Publications

In high temperature (HT) environments additional stresses are supplied to the rock at the borehole wall due to the differences in temperature between the drilling fluids and the rock (T). Cooling of the hole (the usual case) increases the tensile stresses (and decreases the compressive stresses) at the wellbore wall. As the hole warms up, compressive stresses will be increased and breakouts will grow in severity. However, drilling in HT-environments may benefit wellbore stability if properly planned. The Cooper-Eromanga basin is characterized by high heat flow that has been related to the presence of high radiogenic heat producing granites.
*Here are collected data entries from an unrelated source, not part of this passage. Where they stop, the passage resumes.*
lemma convex_rv_set_L1_bdd_below: "convex_rv_set (L1_bdd_below M)"
  unfolding convex_rv_set_def
proof (intro ballI)
  fix X Y \<gamma> assume X: "X \<in> L1_bdd_below M" and Y: "Y \<in> L1_bdd_below M" and \<gamma>: "\<gamma> \<in> {0..1::real}"
  obtain c d where "AE \<omega> in M. c \<le> X \<omega>" "AE \<omega> in M. d \<le> Y \<omega>"
    using X Y unfolding L1_bdd_below_def by auto
  then have "AE \<omega> in M. min c d \<le> \<gamma> * X \<omega> + (1 - \<gamma>) * Y \<omega>"
  proof eventually_elim
    case (elim \<omega>)
    have "\<gamma> * min c d + (1 - \<gamma>) * min c d \<le> \<gamma> * X \<omega> + (1 - \<gamma>) * Y \<omega>"
      using elim \<gamma> by (intro add_mono mult_left_mono) auto
    then show ?case by (simp add: algebra_simps)
  qed
  then show "(\<lambda>\<omega>. \<gamma> * X \<omega> + (1 - \<gamma>) * Y \<omega>) \<in> L1_bdd_below M"
    using X Y unfolding L1_bdd_below_def by auto
qed

lemma law_closed_L1_bdd_below: "law_closed M (L1_bdd_below M)"
  unfolding law_closed_def
proof (intro ballI impI)
  fix X Y assume X: "X \<in> L1_bdd_below M" and Y[measurable]: "Y \<in> borel_measurable M"
    and law: "distr M borel Y = distr M borel X"
  have X_measurable[measurable]: "X \<in> borel_measurable M"
    using X unfolding L1_bdd_below_def by auto
  have "integrable M Y"
    using law_closed_L1[of M] X Y law unfolding L1_bdd_below_def L1_def law_closed_def by blast
  moreover obtain c where "AE \<omega> in M. c \<le> X \<omega>" using X unfolding L1_bdd_below_def by auto
  then have "AE x in distr M borel Y. c \<le> x" unfolding law by (subst AE_distr_iff) auto
  then have "AE \<omega> in M. c \<le> Y \<omega>" by (subst (asm) AE_distr_iff) auto
  ultimately show "Y \<in> L1_bdd_below M" unfolding L1_bdd_below_def by auto
qed

lemma ES_Lambda_quasi_convex:
  assumes P: "prob_space M" and D: "D \<subseteq> L1 M" "convex_rv_set D" and \<Lambda>: "\<And>x. 0 \<le> \<Lambda> x \<and> \<Lambda> x \<le> 1"
  shows "quasi_convex_on D (ES_Lambda M \<Lambda>)"
  unfolding quasi_convex_on_def ES_Lambda_def
proof (intro ballI SUP_least)
  fix X Y \<gamma> x assume X: "X \<in> D" and Y: "Y \<in> D" and \<gamma>: "\<gamma> \<in> {0..1::real}"
  have "ES M (\<Lambda> x) (\<lambda>\<omega>. \<gamma> * X \<omega> + (1 - \<gamma>) * Y \<omega>) \<le> max (ES M (\<Lambda> x) X) (ES M (\<Lambda> x) Y)"
    using X Y \<gamma> D \<Lambda>[of x] by (intro ES_mix_le[OF P]) (auto simp: L1_def)
  then have "min (ES M (\<Lambda> x) (\<lambda>\<omega>. \<gamma> * X \<omega> + (1 - \<gamma>) * Y \<omega>)) (ereal x)
      \<le> max (min (ES M (\<Lambda> x) X) (ereal x)) (min (ES M (\<Lambda> x) Y) (ereal x))"
    unfolding min_max_distrib1[symmetric] by (rule min.mono) simp
  also have "\<dots> \<le> max (SUP x. min (ES M (\<Lambda> x) X) (ereal x)) (SUP x. min (ES M (\<Lambda> x) Y) (ereal x))"
    by (intro max.mono SUP_upper) auto
  finally show "min (ES M (\<Lambda> x) (\<lambda>\<omega>. \<gamma> * X \<omega> + (1 - \<gamma>) * Y \<omega>)) (ereal x)
      \<le> max (SUP x. min (ES M (\<Lambda> x) X) (ereal x)) (SUP x. min (ES M (\<Lambda> x) Y) (ereal x))" .
qed

lemma cdf_rv_eq_of_distr_eq:
  assumes [measurable]: "X \<in> borel_measurable M" "Y \<in> borel_measurable M"
    and law: "distr M borel X = distr M borel Y"
  shows "cdf_rv M X = cdf_rv M Y"
proof -
  have "cdf_rv M Z x = measure (distr M borel Z) {..x}" if [measurable]: "Z \<in> borel_measurable M" for Z x
    unfolding cdf_rv_def by (subst measure_distr) (auto simp: vimage_def Int_def conj_commute)
  then show ?thesis using law by (auto simp: fun_eq_iff)
qed

lemma ES_Lambda_law_invariant:
  assumes "D \<subseteq> L1 M"
  shows "law_invariant_on M D (ES_Lambda M \<Lambda>)"
  unfolding law_invariant_on_def
proof (intro ballI impI)
  fix X Y assume "X \<in> D" "Y \<in> D" "distr M borel X = distr M borel Y"
  then have "cdf_rv M X = cdf_rv M Y"
    using assms by (intro cdf_rv_eq_of_distr_eq) (auto simp: L1_def)
  then show "ES_Lambda M \<Lambda> X = ES_Lambda M \<Lambda> Y"
    unfolding ES_Lambda_def ES_def VaR_def by (simp only:)
qed

lemma VaR_Lambda_ge:
  assumes "\<And>z. z < t \<Longrightarrow> cdf_rv M Y z < \<Lambda> z"
  shows "ereal t \<le> VaR_Lambda M \<Lambda> Y"
  unfolding VaR_Lambda_def
proof (rule Inf_greatest)
  fix w assume "w \<in> ereal ` {x. \<Lambda> x \<le> cdf_rv M Y x}"
  then obtain z where "w = ereal z" "\<Lambda> z \<le> cdf_rv M Y z" by auto
  then show "ereal t \<le> w" using assms[of z] by force
qed

lemma VaR_plus_Lambda_ge:
  assumes "\<And>z. z < t \<Longrightarrow> cdf_rv M Y z \<le> \<Lambda> z"
  shows "ereal t \<le> VaR_plus_Lambda M \<Lambda> Y"
  unfolding VaR_plus_Lambda_def
proof (rule Inf_greatest)
  fix w assume "w \<in> ereal ` {x. \<Lambda> x < cdf_rv M Y x}"
  then obtain z where "w = ereal z" "\<Lambda> z < cdf_rv M Y z" by auto
  then show "ereal t \<le> w" using assms[of z] by force
qed

lemma VaR_Lambda_le_ES_Lambda:
  assumes P: "prob_space M" and X: "integrable M X" and \<Lambda>: "\<And>x. 0 < \<Lambda> x \<and> \<Lambda> x \<le> 1"
  shows "VaR_Lambda M \<Lambda> X \<le> ES_Lambda M \<Lambda> X"
proof (rule dense_ge)
  interpret integrable_rv M X using P X by (rule integrable_rvI)
  fix y assume y: "ES_Lambda M \<Lambda> X < y"
  show "VaR_Lambda M \<Lambda> X \<le> y"
  proof (cases y)
    case (real x)
    have "min (ES M (\<Lambda> x) X) (ereal x) \<le> ES_Lambda M \<Lambda> X" unfolding ES_Lambda_def by (rule SUP_upper) simp
    then have "min (ES M (\<Lambda> x) X) (ereal x) < ereal x"
      using y real by simp
    then have "ES M (\<Lambda> x) X < ereal x"
      by (simp add: min_less_iff_disj)
    then have "VaR M (\<Lambda> x) X < ereal x"
      using ES_ge_VaR[of "\<Lambda> x"] \<Lambda>[of x] by simp
    then obtain z where "\<Lambda> x \<le> cdf_rv M X z" "z < x" unfolding VaR_def Inf_less_iff by auto
    then have "\<Lambda> x \<le> cdf_rv M X x" using cdf_rv_mono[of z x] by simp
    then show ?thesis unfolding VaR_Lambda_def real by (intro Inf_lower) auto
  qed (use y in auto)
qed

lemma VaR_plus_Lambda_le_ES_Lambda:
  assumes P: "prob_space M" and X: "integrable M X" and \<Lambda>: "\<And>x. 0 \<le> \<Lambda> x \<and> \<Lambda> x < 1"
  shows "VaR_plus_Lambda M \<Lambda> X \<le> ES_Lambda M \<Lambda> X"
proof (rule dense_ge)
  interpret integrable_rv M X using P X by (rule integrable_rvI)
  fix y assume y: "ES_Lambda M \<Lambda> X < y"
  show "VaR_plus_Lambda M \<Lambda> X \<le> y"
  proof (cases y)
    case (real x)
    have "min (ES M (\<Lambda> x) X) (ereal x) \<le> ES_Lambda M \<Lambda> X" unfolding ES_Lambda_def by (rule SUP_upper) simp
    then have "min (ES M (\<Lambda> x) X) (ereal x) < ereal x"
      using y real by simp
    then have "ES M (\<Lambda> x) X < ereal x"
      by (simp add: min_less_iff_disj)
    then have "VaR_plus M (\<Lambda> x) X < ereal x"
      using ES_ge_VaR_plus[of "\<Lambda> x"] \<Lambda>[of x] by simp
    then obtain z where "\<Lambda> x < cdf_rv M X z" "z < x" unfolding VaR_plus_def Inf_less_iff by auto
    then have "\<Lambda> x < cdf_rv M X x" using cdf_rv_mono[of z x] by simp
    then show ?thesis unfolding VaR_plus_Lambda_def real by (intro Inf_lower) auto
  qed (use y in auto)
qed

lemma SUP_min_eq_INF_max:
  fixes g :: "real \<Rightarrow> ereal"
  assumes "antimono g"
  shows "(SUP x. min (g x) (ereal x)) = (INF x. max (g x) (ereal x))"
proof (rule antisym)
  have "min (g x) (ereal x) \<le> max (g y) (ereal y)" for x y
  proof (cases "x \<le> y")
    case True
    then have "min (g x) (ereal x) \<le> ereal y" by (simp add: min.coboundedI2)
    then show ?thesis by (simp add: le_max_iff_disj)
  next
    case False
    then have "g x \<le> g y" using antimonoD[OF assms, of y x] by simp
    then have "min (g x) (ereal x) \<le> g y" by (simp add: min.coboundedI1)
    then show ?thesis by (simp add: le_max_iff_disj)
  qed
  then show "(SUP x. min (g x) (ereal x)) \<le> (INF x. max (g x) (ereal x))"
    by (intro SUP_least INF_greatest)
  show "(INF x. max (g x) (ereal x)) \<le> (SUP x. min (g x) (ereal x))"
  proof (rule ccontr)
    assume "\<not> ?thesis"
    then have "(SUP x. min (g x) (ereal x)) < (INF x. max (g x) (ereal x))" by (simp add: not_le)
    then obtain r where r: "(SUP x. min (g x) (ereal x)) < ereal r" "ereal r < (INF x. max (g x) (ereal x))"
      using ereal_dense2 by blast
    have "min (g r) (ereal r) \<le> (SUP x. min (g x) (ereal x))" by (rule SUP_upper) simp
    then have "min (g r) (ereal r) < ereal r" using r(1) by simp
    moreover have "(INF x. max (g x) (ereal x)) \<le> max (g r) (ereal r)" by (rule INF_lower) simp
    then have "ereal r < max (g r) (ereal r)" using r(2) by simp
    ultimately show False by (simp add: min_less_iff_disj less_max_iff_disj)
  qed
qed

lemma ES_Lambda_eq_INF:
  assumes P: "prob_space M" and X: "integrable M X"
    and \<Lambda>: "antimono \<Lambda>" "\<And>x. 0 \<le> \<Lambda> x \<and> \<Lambda> x \<le> 1"
  shows "ES_Lambda M \<Lambda> X = (INF x. max (ES M (\<Lambda> x) X) (ereal x))"
proof -
  interpret integrable_rv M X using P X by (rule integrable_rvI)
  have "antimono (\<lambda>x. ES M (\<Lambda> x) X)"
    using \<Lambda> by (intro antimonoI ES_mono) (auto dest: antimonoD)
  then show ?thesis unfolding ES_Lambda_def by (rule SUP_min_eq_INF_max)
qed

lemma ES_Lambda_le_by_levels:
  assumes "\<And>x t. t < x \<Longrightarrow> ereal t < ES M (\<Lambda> x) X \<Longrightarrow> ereal t \<le> r"
  shows "ES_Lambda M \<Lambda> X \<le> r"
  unfolding ES_Lambda_def
proof (rule SUP_least, rule dense_le)
  fix x y assume y: "y < min (ES M (\<Lambda> x) X) (ereal x)"
  show "y \<le> r"
  proof (cases y)
    case (real t)
    then have "t < x" "ereal t < ES M (\<Lambda> x) X" using y by auto
    then show ?thesis unfolding real by (rule assms)
  qed (use y in auto)
qed

lemma (in prob_space) cdf_rv_le_measure_less:
  "Y \<in> borel_measurable M \<Longrightarrow> z < t \<Longrightarrow> cdf_rv M Y z \<le> measure M {\<omega> \<in> space M. Y \<omega> < t}"
  unfolding cdf_rv_def by (intro finite_measure_mono) auto

lemma ES_Lambda_le_of_VaR_Lambda_le:
  assumes P: "prob_space M" and atomless: "atomless M"
    and \<Lambda>: "antimono \<Lambda>" "\<And>x. 0 < \<Lambda> x \<and> \<Lambda> x \<le> 1"
    and \<rho>: "\<forall>X\<in>L1 M. VaR_Lambda M \<Lambda> X \<le> \<rho> X" "quasi_convex_on (L1 M) \<rho>" "law_invariant_on M (L1 M) \<rho>"
    and X: "X \<in> L1 M"
  shows "ES_Lambda M \<Lambda> X \<le> \<rho> X"
proof (rule ES_Lambda_le_by_levels)
  interpret integrable_rv M X using P X by (intro integrable_rvI) (auto simp: L1_def)
  fix x t assume tx: "t < x" and tES: "ereal t < ES M (\<Lambda> x) X"
  have \<Lambda>_le: "\<Lambda> x \<le> \<Lambda> z" if "z < t" for z using antimonoD[OF \<Lambda>(1), of z x] that tx by simp
  show "ereal t \<le> \<rho> X"
  proof (cases "\<Lambda> x = 1")
    case True
    have "cdf_rv M X z < \<Lambda> z" if z: "z < t" for z
    proof (rule ccontr)
      assume "\<not> cdf_rv M X z < \<Lambda> z"
      then have "1 \<le> cdf_rv M X z" using \<Lambda>_le[OF z] True \<Lambda>(2)[of z] by auto
      then have "VaR M 1 X \<le> ereal z" unfolding VaR_def by (intro Inf_lower) auto
      moreover have "ereal t < VaR M 1 X" using tES True by (simp add: ES_def)
      ultimately have "ereal t < ereal z" by (simp only: less_le_trans)
      then show False using z by simp
    qed
    then have "ereal t \<le> VaR_Lambda M \<Lambda> X" by (rule VaR_Lambda_ge)
    also have "\<dots> \<le> \<rho> X" using \<rho>(1) X by blast
    finally show ?thesis .
  next
    case False
    then have a: "0 < \<Lambda> x" "\<Lambda> x < 1" using \<Lambda>(2)[of x] by auto
    then obtain a where a': "0 < a" "a < \<Lambda> x" "t < tail a / (1 - a)"
      using tail_avg_left[of "\<Lambda> x" t] tES by (auto simp: ES_eq_tail)
    then obtain Y where Y: "Y \<in> L1 M" "\<rho> Y \<le> \<rho> X" "measure M {\<omega> \<in> space M. Y \<omega> < t} \<le> a"
      using ex_rearrangement_average[OF atomless convex_rv_set_L1 law_closed_L1 X \<rho>(2,3), of a t] a
      by (auto simp: ES_eq_tail)
    have "cdf_rv M Y z < \<Lambda> z" if "z < t" for z
      using cdf_rv_le_measure_less[of Y z t] Y(1,3) a'(2) \<Lambda>_le[OF that] that
      by (auto simp: L1_def)
    then have "ereal t \<le> VaR_Lambda M \<Lambda> Y" by (rule VaR_Lambda_ge)
    also have "\<dots> \<le> \<rho> Y" using \<rho>(1) Y(1) by blast
    finally show ?thesis using Y(2) by simp
  qed
qed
Several wells have been drilled in the area to exploit the heat from the fractured granitic rocks of the basement. Drilling through the hot formations in the Cooper basin (max. temperature ca. 250 °C) with relatively cool drilling fluids induces an almost instantaneous cooling of the wellbore wallrock. LWD temperature data from these wells suggests a maximum temperature contrast between the mud and the basement of 100 °C. This temperature contrast is enough to initiate drilling induced tensile fractures, as it is seen in acoustic image data. Modeling of the in situ stress tensor and mechanical properties of the wellbore rocks have revealed the time-dependent effect that the borehole collapse pressure has on the stability of the wells. Narrow breakouts form at the time of drilling. Afterwards, the temperature difference (T) decays with time, and as the hole warms up compressive stresses increase and breakouts become enhanced. This analysis suggests that the first 10 days seem to be critical for breakout development. Therefore, if a high T and a short well exposure time are achieved, it would be possible to inhibit breakout development, drill with a lower mud weight, and thus, minimize the risk of formation damage.